Model-Based Optimization + Application Programming =
Streamlined Deployment in AMPL
Speakers: Robert Fourer, Filipe Brandão

AMPL offers the advantages of modeling in a specialized optimization environment combined with the power of application development via general-purpose programming. Optimization problems are formulated concisely and naturally in AMPL’s modeling language, promoting rapid development, reliable maintenance, and evaluation of multiple solvers and data sources. APIs for popular full-featured programming languages facilitate embedding of AMPL models and scripts into complex applications, with access to data management and interface development libraries. We illustrate using AMPL’s APIs for Python and R, and conclude with a preview of features for invoking Python within AMPL scripts.

Lumina Decision Systems
Tuesday, November 6

How to engage with your clients for more effective analytics
By: Max Henrion

In this workshop, Max Henrion will show how you can use Analytica as a key aid for more effective conversations with your clients, including how to:

  • Draw influence diagrams to help clients articulate their real objectives and decisions, and to work with them to frame and scope problems.
  • Use sensitivity analysis to help your clients understand what data and assumptions really matter and why.
  • Employ agile modeling methods to build decision tools that end users find usable and useful.
  • Design compelling visualizations to provide your clients a basis for informed and confident decisions.
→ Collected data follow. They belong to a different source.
(* Let $\mathbb{H}$ be a finite-dimensional complex Hilbert space with $\dim\mathbb{H}\ge2$, let $n\ge2$ and $k\ge1$ be integers, let $|X\rangle\in\mathbb{H}^{\otimes(nk-1)}$ be a known unit vector, let $\tau_1,\dots,\tau_n\in\mathbb{P}_{nk-1}$, let $c_1,\dots,c_n>0$, and let $|\mu\rangle=\sum_{j=1}^n\alpha_j|j\rangle\in\mathbb{C}^n$ be a unit vector. For unit vectors $|\psi_1\rangle,\dots,|\psi_n\rangle\in\mathbb{H}$ and $j=1,\dots,n$ put $|\Psi^j\rangle=\bigotimes_{t=1}^n|\psi_t\rangle^{\otimes k_{jt}}\in\mathbb{H}^{\otimes(nk-1)}$, where $k_{jt}=k$ for $t\ne j$ and $k_{jj}=k-1$. Then there exists a probabilistic quantum transformation $\mathcal{F}_{\tau_1,\dots,\tau_n}$ from $\mathbb{C}^n\otimes\mathbb{H}^{\otimes nk}$ to $\mathbb{H}$, independent of $\mu$ and the $\psi_t$, such that for all unit vectors $|\psi_1\rangle,\dots,|\psi_n\rangle$ with $|\langle X|S_{\tau_j}|\Psi^j\rangle|^2=c_j$ for $j=1,\dots,n$, one has $$\mathcal{F}_{\tau_1,\dots,\tau_n}\Big(\rho_\mu\otimes\bigotimes_{i=1}^n\rho_{\psi_i}^{\otimes k}\Big)=\rho_\varphi,\qquad|\varphi\rangle\propto\sum_{j=1}^n\alpha_je^{i\theta_j}|\psi_j\rangle,\quad e^{i\theta_j}=\frac{\langle X|S_{\tau_j}|\Psi^j\rangle}{|\langle X|S_{\tau_j}|\Psi^j\rangle|}$$ (the superposition assumed nonzero).
   Context: $\mathbb{P}_{nk-1}$ is the symmetric group on $\{1,\dots,nk-1\}$; for $g\in\mathbb{P}_{nk-1}$, $S_g$ is the unitary on $\mathbb{H}^{\otimes(nk-1)}$ permuting tensor factors according to $g$. For a unit vector $|\psi\rangle$, $\rho_\psi=|\psi\rangle\langle\psi|$; $|\varphi\rangle\propto|\chi\rangle$ means $|\varphi\rangle$ is the normalization of $|\chi\rangle$ up to a global phase. A probabilistic quantum transformation from $\mathbb{H}_1$ to $\mathbb{H}_2$ is a completely positive, trace-non-increasing linear map from operators on $\mathbb{H}_1$ to operators on $\mathbb{H}_2$; $\mathcal{F}(\rho)=\sigma$ for pure states means $\mathcal{F}(\rho)=p\sigma$ for some $p>0$. *)

theory Defs
  imports Complex_Main "HOL-Combinatorics.Permutations" "Jordan_Normal_Form.Matrix"
begin

text \<open>The Hilbert space H is modelled as C^d (d = dim H). Vectors and operators on
  tensor products are JNF vectors/matrices in the standard Kronecker basis
  (first factor most significant). Tensor factors of H^(m) are indexed 0..m-1.\<close>

definition kron_vec :: "complex vec \<Rightarrow> complex vec \<Rightarrow> complex vec" where
  "kron_vec u v = vec (dim_vec u * dim_vec v) (\<lambda>i. u $ (i div dim_vec v) * v $ (i mod dim_vec v))"

definition kron_mat :: "complex mat \<Rightarrow> complex mat \<Rightarrow> complex mat" where
  "kron_mat A B = mat (dim_row A * dim_row B) (dim_col A * dim_col B)
     (\<lambda>(i,j). A $$ (i div dim_row B, j div dim_col B) * B $$ (i mod dim_row B, j mod dim_col B))"

fun tensor_vecs :: "complex vec list \<Rightarrow> complex vec" where
  "tensor_vecs [] = vec 1 (\<lambda>_. 1)"
| "tensor_vecs (v # vs) = kron_vec v (tensor_vecs vs)"

fun tensor_mats :: "complex mat list \<Rightarrow> complex mat" where
  "tensor_mats [] = mat 1 1 (\<lambda>_. 1)"
| "tensor_mats (A # As) = kron_mat A (tensor_mats As)"

definition braket :: "complex vec \<Rightarrow> complex vec \<Rightarrow> complex" where
  "braket u v = (\<Sum>i<dim_vec u. cnj (u $ i) * v $ i)"

definition unit_vector :: "nat \<Rightarrow> complex vec \<Rightarrow> bool" where
  "unit_vector N v \<longleftrightarrow> v \<in> carrier_vec N \<and> (\<Sum>i<N. (cmod (v $ i))\<^sup>2) = 1"

definition proj :: "complex vec \<Rightarrow> complex mat" where
  "proj v = mat (dim_vec v) (dim_vec v) (\<lambda>(i,j). v $ i * cnj (v $ j))"

text \<open>Digit p (0-based tensor position, most significant first) of basis index x of (C^d)^(m).\<close>
definition digit :: "nat \<Rightarrow> nat \<Rightarrow> nat \<Rightarrow> nat \<Rightarrow> nat" where
  "digit d m x p = (x div d ^ (m - 1 - p)) mod d"

text \<open>S_g on (C^d)^(m) for a permutation g of {0..<m}: the tensor factor in position i
  is moved to position g i, i.e. S_g (v_0 \<otimes> ... \<otimes> v_(m-1)) has v_(inv g p) in position p.\<close>
definition perm_op :: "nat \<Rightarrow> nat \<Rightarrow> (nat \<Rightarrow> nat) \<Rightarrow> complex mat" where
  "perm_op d m g = mat (d ^ m) (d ^ m)
     (\<lambda>(x,y). if (\<forall>i<m. digit d m x (g i) = digit d m y i) then 1 else 0)"

definition mat_trace :: "complex mat \<Rightarrow> complex" where
  "mat_trace A = (\<Sum>i<dim_row A. A $$ (i, i))"

definition psd :: "nat \<Rightarrow> complex mat \<Rightarrow> bool" where
  "psd N A \<longleftrightarrow> A \<in> carrier_mat N N \<and>
     (\<forall>v \<in> carrier_vec N. Im (braket v (A *\<^sub>v v)) = 0 \<and> Re (braket v (A *\<^sub>v v)) \<ge> 0)"

text \<open>Block (a,b) of size N of a matrix, and the map id_m \<otimes> Phi applied blockwise
  (auxiliary system of dimension m as first tensor factor).\<close>
definition block :: "nat \<Rightarrow> complex mat \<Rightarrow> nat \<Rightarrow> nat \<Rightarrow> complex mat" where
  "block N M a b = mat N N (\<lambda>(x,y). M $$ (a * N + x, b * N + y))"

definition ampliate :: "nat \<Rightarrow> nat \<Rightarrow> nat \<Rightarrow> (complex mat \<Rightarrow> complex mat) \<Rightarrow> complex mat \<Rightarrow> complex mat" where
  "ampliate m N1 N2 \<Phi> M = mat (m * N2) (m * N2)
     (\<lambda>(i,j). \<Phi> (block N1 M (i div N2) (j div N2)) $$ (i mod N2, j mod N2))"

text \<open>Probabilistic quantum transformation from operators on C^N1 to operators on C^N2:
  a linear, completely positive, trace-non-increasing map.\<close>
definition quantum_operation :: "nat \<Rightarrow> nat \<Rightarrow> (complex mat \<Rightarrow> complex mat) \<Rightarrow> bool" where
  "quantum_operation N1 N2 \<Phi> \<longleftrightarrow>
     (\<forall>A \<in> carrier_mat N1 N1. \<Phi> A \<in> carrier_mat N2 N2) \<and>
     (\<forall>A \<in> carrier_mat N1 N1. \<forall>B \<in> carrier_mat N1 N1. \<forall>a b.
        \<Phi> (a \<cdot>\<^sub>m A + b \<cdot>\<^sub>m B) = a \<cdot>\<^sub>m \<Phi> A + b \<cdot>\<^sub>m \<Phi> B) \<and>
     (\<forall>m. \<forall>M. psd (m * N1) M \<longrightarrow> psd (m * N2) (ampliate m N1 N2 \<Phi> M)) \<and>
     (\<forall>A. psd N1 A \<longrightarrow> Re (mat_trace (\<Phi> A)) \<le> Re (mat_trace A))"

text \<open>|Psi^j\<rangle> = \<otimes>_t |psi_t\<rangle>^(k_jt), k_jt = k for t \<noteq> j, k_jj = k - 1 (indices 0-based).\<close>
definition Psi_state :: "nat \<Rightarrow> nat \<Rightarrow> (nat \<Rightarrow> complex vec) \<Rightarrow> nat \<Rightarrow> complex vec" where
  "Psi_state n k \<psi> j = tensor_vecs (concat (map (\<lambda>t. replicate (if t = j then k - 1 else k) (\<psi> t)) [0..<n]))"

end

theory Submission
  imports Defs
begin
    Practicing analysts and modelers will find these methods effective for improving client engagement in conjunction with almost any analytics software, but Analytica is unique in offering features designed specifically to support this approach to interactive modeling. Active participants will receive a free 12-month Analytica license. If you already have Analytica, you can give it to a colleague.

Sunday, November 4
8 – 8:45am

AnyLogic: The Most Comprehensive Simulation Modeling Platform for Business and Research

Rainer Dronzek, Regional Director, AnyLogic North America
Arash Mahdavi, Simulation Modeling Consultant, AnyLogic North America

In this tutorial, we will discuss how you can leverage unique features of AnyLogic simulation software and AnyLogic Cloud to solve your business challenges or perform scientific research. We demonstrate application of simulation in various domains and demonstrate state-of-the-art technologies that can take your simulation models to the next level in terms of sophistication and usefulness

Tuesday, November 6

Introducing the New API and Conic Solver in Artelys Knitro 11.0
Speaker: Richard Waltz, Senior Scientist

Artelys Knitro is the premier solver for nonlinear optimization problems. This software demonstration will highlight two key features in the new, major Knitro 11.0 release.  First, we will demonstrate the new callable library API.  This new API allows the user to build-up a model in pieces while providing special structures to Knitro.  Second, we will introduce the new solver in Knitro 11.0 specially designed for models with cone constraints.  Some benchmarking results will be provided.

DiDi Chuxing
Monday, November 5
5:15 – 6pm

Ride-sharing Services Research at Didi Chuxing

Didi Chuxing is the world’s leading mobile transportation platform. The company offers a full range of mobile tech-based mobility options for nearly 400 million users. As many as 20 million rides were completed on DiDi’s platform on a daily basis, making DiDi the world’s second largest online transaction platform. DiDi acquired Uber China in August 2016. DiDi is committed to working with communities and partners to solve the world’s transportation, environmental and employment challenges using big data-driven deep-learning algorithms that optimize resource allocation. In 2016, Didi was named one of the World’s 50 Smartest Companies by MIT Technology Review.


Sunday, November 4
4:30 – 5:15pm

How to get published and meet the editors session
Speaker: Simon Jones

How to get Published in Operations Research Journals addresses how to prepare and submit a manuscript using correct manuscript language, and how to structure an article.

Monday, November 5

End-to-End FICO® Xpress Insight Tutorial: From Data to Decisions for Non-Technical Business Users
Speaker: Jim Williams

You have a team with a great analytics background. They have developed advanced analytical tools using Python, R, or with your current traditional optimization solver. They have derived crucial insights from your data, and they’ve figured out how your decisions shape your customers’ behaviors. Now it’s time to put these critical analytical insights in the hands of your non-technical business users. In this tutorial, we will cover how FICO’s Optimization Suite (including Xpress Mosel, Xpress Workbench, and Xpress Insight) makes it possible to embed your analytic models in business user-friendly applications. Learn how you can supercharge your analytic models with simulation, optimization, reporting, what-if analysis, and agile extensibility for your ever-changing business.

Frontline Systems, Inc
Tuesday, November 6
10:30 – 11:15am

Tutorial: Preview of Analytic Solver V2019 for Windows, Macintosh, and Office 365
By: Daniel Fylstra, President, Frontline Systems Inc.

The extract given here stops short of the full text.